▶ _Exercise goal_: Two lines in the listing below mark the span: one contains "set \<Rightarrow> (('e" and one contains "e then ends". Reproduce both of them and everything between, exactly.

▶ _Records for processing_:

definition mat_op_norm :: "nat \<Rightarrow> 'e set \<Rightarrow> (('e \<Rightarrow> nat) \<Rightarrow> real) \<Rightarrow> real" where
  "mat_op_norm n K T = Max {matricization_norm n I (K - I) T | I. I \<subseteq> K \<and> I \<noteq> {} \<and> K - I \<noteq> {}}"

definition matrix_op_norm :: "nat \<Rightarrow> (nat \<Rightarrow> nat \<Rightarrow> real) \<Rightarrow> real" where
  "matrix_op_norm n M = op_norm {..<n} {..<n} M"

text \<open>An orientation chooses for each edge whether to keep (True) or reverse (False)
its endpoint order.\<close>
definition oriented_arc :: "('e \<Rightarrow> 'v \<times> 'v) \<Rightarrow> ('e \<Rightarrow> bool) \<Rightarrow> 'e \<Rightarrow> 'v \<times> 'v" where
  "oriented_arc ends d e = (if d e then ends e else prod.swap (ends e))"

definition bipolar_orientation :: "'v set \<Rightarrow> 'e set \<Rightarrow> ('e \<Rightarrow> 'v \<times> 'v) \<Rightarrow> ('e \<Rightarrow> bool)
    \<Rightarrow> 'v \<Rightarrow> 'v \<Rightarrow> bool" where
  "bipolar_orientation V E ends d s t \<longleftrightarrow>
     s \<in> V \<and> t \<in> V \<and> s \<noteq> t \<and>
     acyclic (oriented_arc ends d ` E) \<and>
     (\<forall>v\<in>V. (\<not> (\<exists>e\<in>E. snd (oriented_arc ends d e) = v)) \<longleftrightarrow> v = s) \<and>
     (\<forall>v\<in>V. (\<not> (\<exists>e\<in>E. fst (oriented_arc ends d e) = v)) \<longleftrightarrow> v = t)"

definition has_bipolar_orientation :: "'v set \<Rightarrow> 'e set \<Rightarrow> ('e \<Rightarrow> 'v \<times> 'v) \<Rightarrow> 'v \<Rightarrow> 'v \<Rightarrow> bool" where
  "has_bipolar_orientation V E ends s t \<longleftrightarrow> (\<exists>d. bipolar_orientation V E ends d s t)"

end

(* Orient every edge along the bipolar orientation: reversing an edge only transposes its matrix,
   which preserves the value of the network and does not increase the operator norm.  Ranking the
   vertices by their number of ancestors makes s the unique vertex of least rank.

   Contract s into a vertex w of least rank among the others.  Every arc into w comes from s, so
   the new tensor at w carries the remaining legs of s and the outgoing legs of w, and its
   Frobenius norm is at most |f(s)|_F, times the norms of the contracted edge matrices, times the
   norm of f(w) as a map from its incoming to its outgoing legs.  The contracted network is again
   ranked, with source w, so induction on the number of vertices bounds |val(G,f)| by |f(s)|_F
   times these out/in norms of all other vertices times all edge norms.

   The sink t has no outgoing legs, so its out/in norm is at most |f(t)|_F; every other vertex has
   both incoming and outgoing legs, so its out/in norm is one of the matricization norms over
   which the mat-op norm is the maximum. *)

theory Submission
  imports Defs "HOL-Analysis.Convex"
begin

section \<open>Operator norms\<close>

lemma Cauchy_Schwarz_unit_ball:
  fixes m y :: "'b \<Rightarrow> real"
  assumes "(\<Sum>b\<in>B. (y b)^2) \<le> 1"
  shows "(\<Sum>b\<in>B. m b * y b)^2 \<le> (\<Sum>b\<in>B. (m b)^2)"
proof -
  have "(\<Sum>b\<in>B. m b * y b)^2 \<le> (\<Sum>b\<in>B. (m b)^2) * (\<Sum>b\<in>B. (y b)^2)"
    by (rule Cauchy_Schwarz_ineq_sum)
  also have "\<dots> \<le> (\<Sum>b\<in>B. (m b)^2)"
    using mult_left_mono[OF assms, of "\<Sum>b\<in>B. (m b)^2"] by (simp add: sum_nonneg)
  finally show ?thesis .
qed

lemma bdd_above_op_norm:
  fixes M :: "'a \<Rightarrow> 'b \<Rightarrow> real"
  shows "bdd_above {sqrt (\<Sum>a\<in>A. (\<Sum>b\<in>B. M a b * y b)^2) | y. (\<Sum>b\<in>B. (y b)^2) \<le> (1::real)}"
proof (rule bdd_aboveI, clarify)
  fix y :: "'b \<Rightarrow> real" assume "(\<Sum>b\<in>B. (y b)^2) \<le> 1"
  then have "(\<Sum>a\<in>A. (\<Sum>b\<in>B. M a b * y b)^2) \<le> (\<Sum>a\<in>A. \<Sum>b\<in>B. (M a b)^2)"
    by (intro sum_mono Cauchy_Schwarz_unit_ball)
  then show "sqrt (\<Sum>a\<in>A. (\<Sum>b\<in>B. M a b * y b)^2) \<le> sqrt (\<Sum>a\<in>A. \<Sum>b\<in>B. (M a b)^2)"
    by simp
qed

...

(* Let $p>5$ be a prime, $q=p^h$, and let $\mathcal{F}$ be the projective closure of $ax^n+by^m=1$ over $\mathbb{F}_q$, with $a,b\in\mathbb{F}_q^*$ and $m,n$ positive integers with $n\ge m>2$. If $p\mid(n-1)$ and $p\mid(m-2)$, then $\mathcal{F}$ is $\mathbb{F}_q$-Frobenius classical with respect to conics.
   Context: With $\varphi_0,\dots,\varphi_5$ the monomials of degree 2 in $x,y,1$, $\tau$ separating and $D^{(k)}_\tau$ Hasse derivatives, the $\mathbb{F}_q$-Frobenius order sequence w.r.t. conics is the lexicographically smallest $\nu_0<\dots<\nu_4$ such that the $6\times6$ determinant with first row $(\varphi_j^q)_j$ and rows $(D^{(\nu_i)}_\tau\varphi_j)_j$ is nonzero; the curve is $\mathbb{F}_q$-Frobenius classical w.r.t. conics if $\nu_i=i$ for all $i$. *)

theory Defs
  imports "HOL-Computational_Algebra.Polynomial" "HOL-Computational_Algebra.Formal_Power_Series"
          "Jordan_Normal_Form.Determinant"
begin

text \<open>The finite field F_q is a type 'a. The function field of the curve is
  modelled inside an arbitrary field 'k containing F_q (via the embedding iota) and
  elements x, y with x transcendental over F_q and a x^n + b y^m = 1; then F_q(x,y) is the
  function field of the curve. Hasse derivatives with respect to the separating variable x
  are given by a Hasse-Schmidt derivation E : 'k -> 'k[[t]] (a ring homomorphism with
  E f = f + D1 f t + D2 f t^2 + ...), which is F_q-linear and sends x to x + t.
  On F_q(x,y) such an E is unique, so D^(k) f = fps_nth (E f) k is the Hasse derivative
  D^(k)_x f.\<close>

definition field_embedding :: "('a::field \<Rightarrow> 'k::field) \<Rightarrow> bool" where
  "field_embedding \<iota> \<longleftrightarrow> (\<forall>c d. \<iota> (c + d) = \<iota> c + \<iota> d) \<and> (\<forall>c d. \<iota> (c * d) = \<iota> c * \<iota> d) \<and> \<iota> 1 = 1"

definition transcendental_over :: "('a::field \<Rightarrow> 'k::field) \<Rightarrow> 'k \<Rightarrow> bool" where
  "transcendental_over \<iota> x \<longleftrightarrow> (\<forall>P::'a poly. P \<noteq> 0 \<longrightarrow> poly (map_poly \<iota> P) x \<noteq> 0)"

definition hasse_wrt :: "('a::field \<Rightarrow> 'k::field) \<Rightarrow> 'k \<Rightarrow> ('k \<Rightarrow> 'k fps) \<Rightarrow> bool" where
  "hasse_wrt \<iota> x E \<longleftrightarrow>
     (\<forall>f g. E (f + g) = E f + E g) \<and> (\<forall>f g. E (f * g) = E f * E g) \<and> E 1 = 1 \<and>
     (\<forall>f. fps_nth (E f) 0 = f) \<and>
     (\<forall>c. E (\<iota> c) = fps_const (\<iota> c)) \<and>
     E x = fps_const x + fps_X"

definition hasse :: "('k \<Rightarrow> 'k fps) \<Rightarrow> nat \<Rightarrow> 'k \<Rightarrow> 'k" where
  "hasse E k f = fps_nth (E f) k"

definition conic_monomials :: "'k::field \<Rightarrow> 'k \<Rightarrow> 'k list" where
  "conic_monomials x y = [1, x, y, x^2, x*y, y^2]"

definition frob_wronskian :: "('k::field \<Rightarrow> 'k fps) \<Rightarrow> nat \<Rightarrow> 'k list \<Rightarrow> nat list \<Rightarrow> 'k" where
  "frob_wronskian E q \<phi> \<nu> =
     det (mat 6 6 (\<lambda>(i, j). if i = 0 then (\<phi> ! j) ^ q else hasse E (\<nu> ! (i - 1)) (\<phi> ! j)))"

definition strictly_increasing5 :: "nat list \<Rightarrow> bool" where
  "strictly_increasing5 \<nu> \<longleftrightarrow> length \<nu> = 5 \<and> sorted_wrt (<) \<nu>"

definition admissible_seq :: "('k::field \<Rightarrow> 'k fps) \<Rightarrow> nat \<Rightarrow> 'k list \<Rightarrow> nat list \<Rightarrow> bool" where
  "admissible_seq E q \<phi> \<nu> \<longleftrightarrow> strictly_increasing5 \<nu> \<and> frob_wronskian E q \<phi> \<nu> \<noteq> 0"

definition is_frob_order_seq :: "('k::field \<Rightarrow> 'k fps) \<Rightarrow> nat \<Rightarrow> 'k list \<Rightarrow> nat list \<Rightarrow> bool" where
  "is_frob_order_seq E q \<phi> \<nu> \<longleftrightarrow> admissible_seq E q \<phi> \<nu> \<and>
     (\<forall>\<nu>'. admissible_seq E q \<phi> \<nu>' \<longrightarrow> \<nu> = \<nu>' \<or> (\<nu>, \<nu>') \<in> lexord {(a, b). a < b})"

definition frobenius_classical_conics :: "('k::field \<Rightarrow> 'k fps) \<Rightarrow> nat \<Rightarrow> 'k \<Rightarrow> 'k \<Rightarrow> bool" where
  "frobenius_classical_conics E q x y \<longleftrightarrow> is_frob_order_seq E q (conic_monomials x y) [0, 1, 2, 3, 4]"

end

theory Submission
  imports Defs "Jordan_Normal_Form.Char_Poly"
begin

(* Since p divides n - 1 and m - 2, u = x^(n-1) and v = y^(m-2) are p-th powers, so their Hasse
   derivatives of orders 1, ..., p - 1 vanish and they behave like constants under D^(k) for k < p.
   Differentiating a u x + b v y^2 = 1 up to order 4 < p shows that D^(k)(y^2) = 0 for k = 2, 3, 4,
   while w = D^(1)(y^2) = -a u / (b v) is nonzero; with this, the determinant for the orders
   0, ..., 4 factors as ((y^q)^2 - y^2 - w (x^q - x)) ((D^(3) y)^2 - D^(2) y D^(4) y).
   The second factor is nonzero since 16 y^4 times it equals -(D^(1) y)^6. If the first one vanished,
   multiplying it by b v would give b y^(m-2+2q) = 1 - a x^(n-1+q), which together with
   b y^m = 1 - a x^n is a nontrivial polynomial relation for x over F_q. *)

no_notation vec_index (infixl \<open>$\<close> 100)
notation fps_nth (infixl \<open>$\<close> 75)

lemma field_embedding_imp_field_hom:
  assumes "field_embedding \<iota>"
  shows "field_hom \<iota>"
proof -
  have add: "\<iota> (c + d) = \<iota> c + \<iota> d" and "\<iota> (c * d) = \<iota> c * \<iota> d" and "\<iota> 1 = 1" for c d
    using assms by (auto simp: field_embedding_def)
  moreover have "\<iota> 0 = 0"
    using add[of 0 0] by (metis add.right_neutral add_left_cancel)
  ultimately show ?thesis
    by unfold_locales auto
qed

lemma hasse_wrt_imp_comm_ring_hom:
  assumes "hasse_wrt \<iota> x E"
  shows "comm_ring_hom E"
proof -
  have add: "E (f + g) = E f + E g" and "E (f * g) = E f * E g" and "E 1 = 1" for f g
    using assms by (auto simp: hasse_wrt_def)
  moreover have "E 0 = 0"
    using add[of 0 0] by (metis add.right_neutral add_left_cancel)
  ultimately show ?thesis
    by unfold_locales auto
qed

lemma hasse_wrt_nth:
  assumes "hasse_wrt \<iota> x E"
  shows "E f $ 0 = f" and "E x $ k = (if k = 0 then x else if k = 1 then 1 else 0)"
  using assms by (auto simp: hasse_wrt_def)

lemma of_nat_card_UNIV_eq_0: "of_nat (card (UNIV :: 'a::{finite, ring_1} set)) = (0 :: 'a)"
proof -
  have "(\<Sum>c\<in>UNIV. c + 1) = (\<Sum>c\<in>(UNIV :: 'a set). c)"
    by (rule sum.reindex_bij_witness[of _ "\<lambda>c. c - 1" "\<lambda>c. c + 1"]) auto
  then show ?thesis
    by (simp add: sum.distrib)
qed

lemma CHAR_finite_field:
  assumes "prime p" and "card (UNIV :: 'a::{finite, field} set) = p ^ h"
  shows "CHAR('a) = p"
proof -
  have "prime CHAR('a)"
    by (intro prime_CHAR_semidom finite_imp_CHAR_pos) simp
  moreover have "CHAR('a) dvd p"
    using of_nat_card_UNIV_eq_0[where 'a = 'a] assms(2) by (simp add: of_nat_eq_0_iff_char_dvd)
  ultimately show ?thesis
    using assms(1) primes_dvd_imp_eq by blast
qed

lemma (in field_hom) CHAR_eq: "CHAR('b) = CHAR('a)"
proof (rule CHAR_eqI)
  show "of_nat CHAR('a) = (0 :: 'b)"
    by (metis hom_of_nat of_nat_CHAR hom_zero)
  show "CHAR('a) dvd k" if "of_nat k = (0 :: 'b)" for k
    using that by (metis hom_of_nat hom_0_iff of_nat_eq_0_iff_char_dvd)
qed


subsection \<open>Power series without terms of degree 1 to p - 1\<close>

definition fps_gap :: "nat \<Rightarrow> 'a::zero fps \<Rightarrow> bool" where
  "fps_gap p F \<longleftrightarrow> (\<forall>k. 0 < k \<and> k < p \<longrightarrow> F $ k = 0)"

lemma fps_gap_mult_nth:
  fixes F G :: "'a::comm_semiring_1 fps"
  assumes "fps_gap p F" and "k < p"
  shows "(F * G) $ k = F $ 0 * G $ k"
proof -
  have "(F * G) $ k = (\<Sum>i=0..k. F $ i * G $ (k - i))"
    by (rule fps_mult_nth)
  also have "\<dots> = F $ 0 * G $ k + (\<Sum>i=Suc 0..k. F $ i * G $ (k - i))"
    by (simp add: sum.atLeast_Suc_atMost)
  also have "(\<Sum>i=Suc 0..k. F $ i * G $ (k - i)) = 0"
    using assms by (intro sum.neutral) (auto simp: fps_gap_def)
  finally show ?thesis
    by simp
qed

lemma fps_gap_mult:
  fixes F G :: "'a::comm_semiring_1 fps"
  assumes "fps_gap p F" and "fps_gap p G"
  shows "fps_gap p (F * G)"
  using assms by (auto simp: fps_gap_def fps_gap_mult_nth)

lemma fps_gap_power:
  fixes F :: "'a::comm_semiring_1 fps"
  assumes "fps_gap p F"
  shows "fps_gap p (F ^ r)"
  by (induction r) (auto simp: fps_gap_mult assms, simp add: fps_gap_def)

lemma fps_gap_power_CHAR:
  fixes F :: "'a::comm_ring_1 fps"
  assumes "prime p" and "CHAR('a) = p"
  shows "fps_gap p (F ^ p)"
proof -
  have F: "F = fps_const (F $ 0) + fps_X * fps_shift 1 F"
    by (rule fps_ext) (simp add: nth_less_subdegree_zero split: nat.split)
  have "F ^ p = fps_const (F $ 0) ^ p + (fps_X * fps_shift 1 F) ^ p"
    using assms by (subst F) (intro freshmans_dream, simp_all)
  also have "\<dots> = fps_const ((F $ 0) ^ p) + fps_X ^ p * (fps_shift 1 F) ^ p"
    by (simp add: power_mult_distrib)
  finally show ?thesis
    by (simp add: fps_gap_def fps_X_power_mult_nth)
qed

▶ _Answer section_:
definition mat_op_norm :: "nat \<Rightarrow> 'e set \<Rightarrow> (('e \<Rightarrow> nat) \<Rightarrow> real) \<Rightarrow> real" where
  "mat_op_norm n K T = Max {matricization_norm n I (K - I) T | I. I \<subseteq> K \<and> I \<noteq> {} \<and> K - I \<noteq> {}}"

definition matrix_op_norm :: "nat \<Rightarrow> (nat \<Rightarrow> nat \<Rightarrow> real) \<Rightarrow> real" where
  "matrix_op_norm n M = op_norm {..<n} {..<n} M"

text \<open>An orientation chooses for each edge whether to keep (True) or reverse (False)
its endpoint order.\<close>
definition oriented_arc :: "('e \<Rightarrow> 'v \<times> 'v) \<Rightarrow> ('e \<Rightarrow> bool) \<Rightarrow> 'e \<Rightarrow> 'v \<times> 'v" where
  "oriented_arc ends d e = (if d e then ends e else prod.swap (ends e))"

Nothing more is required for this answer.